Bevacizumab, Irinotecan and Temozolomide for Relapsed or Refractory Neuroblastoma

Combination of Bevacizumab, Irinotecan and Temozolomide for Relapsed or Refractory Neuroblastoma: A Phase II Study

Status
Completed
Phase
Phase 2
Study type
Interventional
Enrollment
34 (actual)
Sponsor
Memorial Sloan Kettering Cancer Center · Academic / Other
Sex
All
Age
Healthy volunteers
Not accepted

Summary

The purpose of this study is to find how good and how safe the combination of irinotecan, temozolomide and bevacizumab is for patients with resistant or recurrent neuroblastoma. These drugs have each been given separately to patients, but they have never been given all together. Irinotecan and temozolomide are two drugs that have been used together to treat neuroblastoma in many people. These drugs are considered chemotherapy. Bevacizumab is another drug used to treat cancer. It is made by a company called Genentech. Bevacizumab is an antibody. Antibodies are proteins that are found in the blood and can attach themselves to bacteria and viruses. Bevacizumab attaches itself to a special protein in the bloodstream. This protein helps tumors grow new blood vessels. Blood vessels carry nutrients to feed the tumor.
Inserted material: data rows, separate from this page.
theorem lemma6p3:
  fixes r k D :: "nat \<Rightarrow> nat"
  assumes "\<And>n. r n \<le> k n"
    and "filterlim r at_top sequentially"
    and "filterlim (\<lambda>n. real (D n) / real (r n) ^ 2) at_top sequentially"
    and "(\<lambda>n. ln (real (k n)) / real (D n)) \<longlonglongrightarrow> 0"
  shows "\<exists>(G :: nat \<Rightarrow> (nat \<Rightarrow> nat set) set) (X :: nat \<Rightarrow> (nat \<Rightarrow> nat set) \<Rightarrow> nat \<Rightarrow> real)
            (Xm :: nat \<Rightarrow> (nat \<Rightarrow> nat set) \<Rightarrow> nat \<Rightarrow> real).
     (\<lambda>n. measure_pmf.prob (random_sets (D n) (k n)) (G n)) \<longlonglongrightarrow> 1 \<and>
     (\<forall>n. \<forall>S \<in> G n.
        X n S \<in> prob_simplex (k n) \<and> Xm n S \<in> prob_simplex (k n) \<and>
        card (supp_vec (X n S)) \<le> r n \<and> card (supp_vec (Xm n S)) \<le> r n \<and>
        (\<forall>j \<in> supp_vec (X n S). X n S j \<ge> 1 / real (r n)) \<and>
        (\<forall>j \<in> supp_vec (Xm n S). Xm n S j \<ge> 1 / real (r n)) \<and>
        supp_vec (X n S) \<noteq> supp_vec (Xm n S)) \<and>
     (\<forall>m :: nat \<Rightarrow> nat. (\<lambda>n. real (m n) / real (r n) ^ 2) \<longlonglongrightarrow> 0 \<longrightarrow>
        (\<exists>\<epsilon> :: nat \<Rightarrow> real. \<epsilon> \<longlonglongrightarrow> 0 \<and>
           (\<forall>n. \<forall>S \<in> G n.
              tv_iid_cat (D n) (m n)
                (mat_vec (k n) (topic_matrix S) (X n S))
                (mat_vec (k n) (topic_matrix S) (Xm n S)) \<le> \<epsilon> n)))"
proof -
  have tv_limit: "(\<lambda>n. 1/2 * sqrt (exp (1024 * (real (m n) / real (r n) ^ 2)) - 1)) \<longlonglongrightarrow> 0"
    if "(\<lambda>n. real (m n) / real (r n) ^ 2) \<longlonglongrightarrow> 0" for m :: "nat \<Rightarrow> nat"
  proof -
    have "(\<lambda>n. 1/2 * sqrt (exp (1024 * (real (m n) / real (r n) ^ 2)) - 1))
        \<longlonglongrightarrow> 1/2 * sqrt (exp (1024 * 0) - 1)"
      by (intro tendsto_intros that)
    then show ?thesis
      by simp
  qed
  show ?thesis
    using prob_good_instances_tendsto_one[OF assms(1-3)]
      hard_pair_admissible[OF _ assms(1)] hard_pair_tv_le[OF _ assms(1)] tv_limit
    by (intro exI[of _ "\<lambda>n. good_instances (D n) (r n)"]
        exI[of _ "\<lambda>n. size_weights {..<r n div 4}"]
        exI[of _ "\<lambda>n S. size_weights (drop_least_redundant {..<r n div 4} S) S"]) blast
qed

end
Bevacizumab is thought to block this growth of new blood vessels and starve tumors. It has been used for the treatment of many cancers in adults. It is approved by the FDA for the treatment of adults with colon cancer and other cancers but not for people with neuroblastoma. There is only a small amount of information known on using this drug in children. It has been used with irinotecan before to treat cancer but not in children with neuroblastoma.

Conditions

Interventions

TypeNameDescription
DRUGBevacizumab, Irinotecan and TemozolomidePatients will initially receive bevacizumab IV at 15mg/kg/dose (this is defined as Day 1 Three days later (starting day 4), they will receive concurrently, IV irinotecan at 50mg/m2/day x 5 days plus PO temozolomide 150mg/m2/day x 5 days. A second dose of bevacizumab will be administered 14 days after the first one(day 15). The treatment schedule may require minor adjustment as clinically indicated (e.g., due to PDH closure for holidays).

Timeline

Start date
2010-04-29
Primary completion
2018-11-02
Completion
2018-11-02
First posted
2010-05-03
Last updated
2019-11-21
Results posted
2019-11-13

Locations

1 site across 1 country: United States

Source: ClinicalTrials.gov record NCT01114555. Inclusion in this directory is not an endorsement.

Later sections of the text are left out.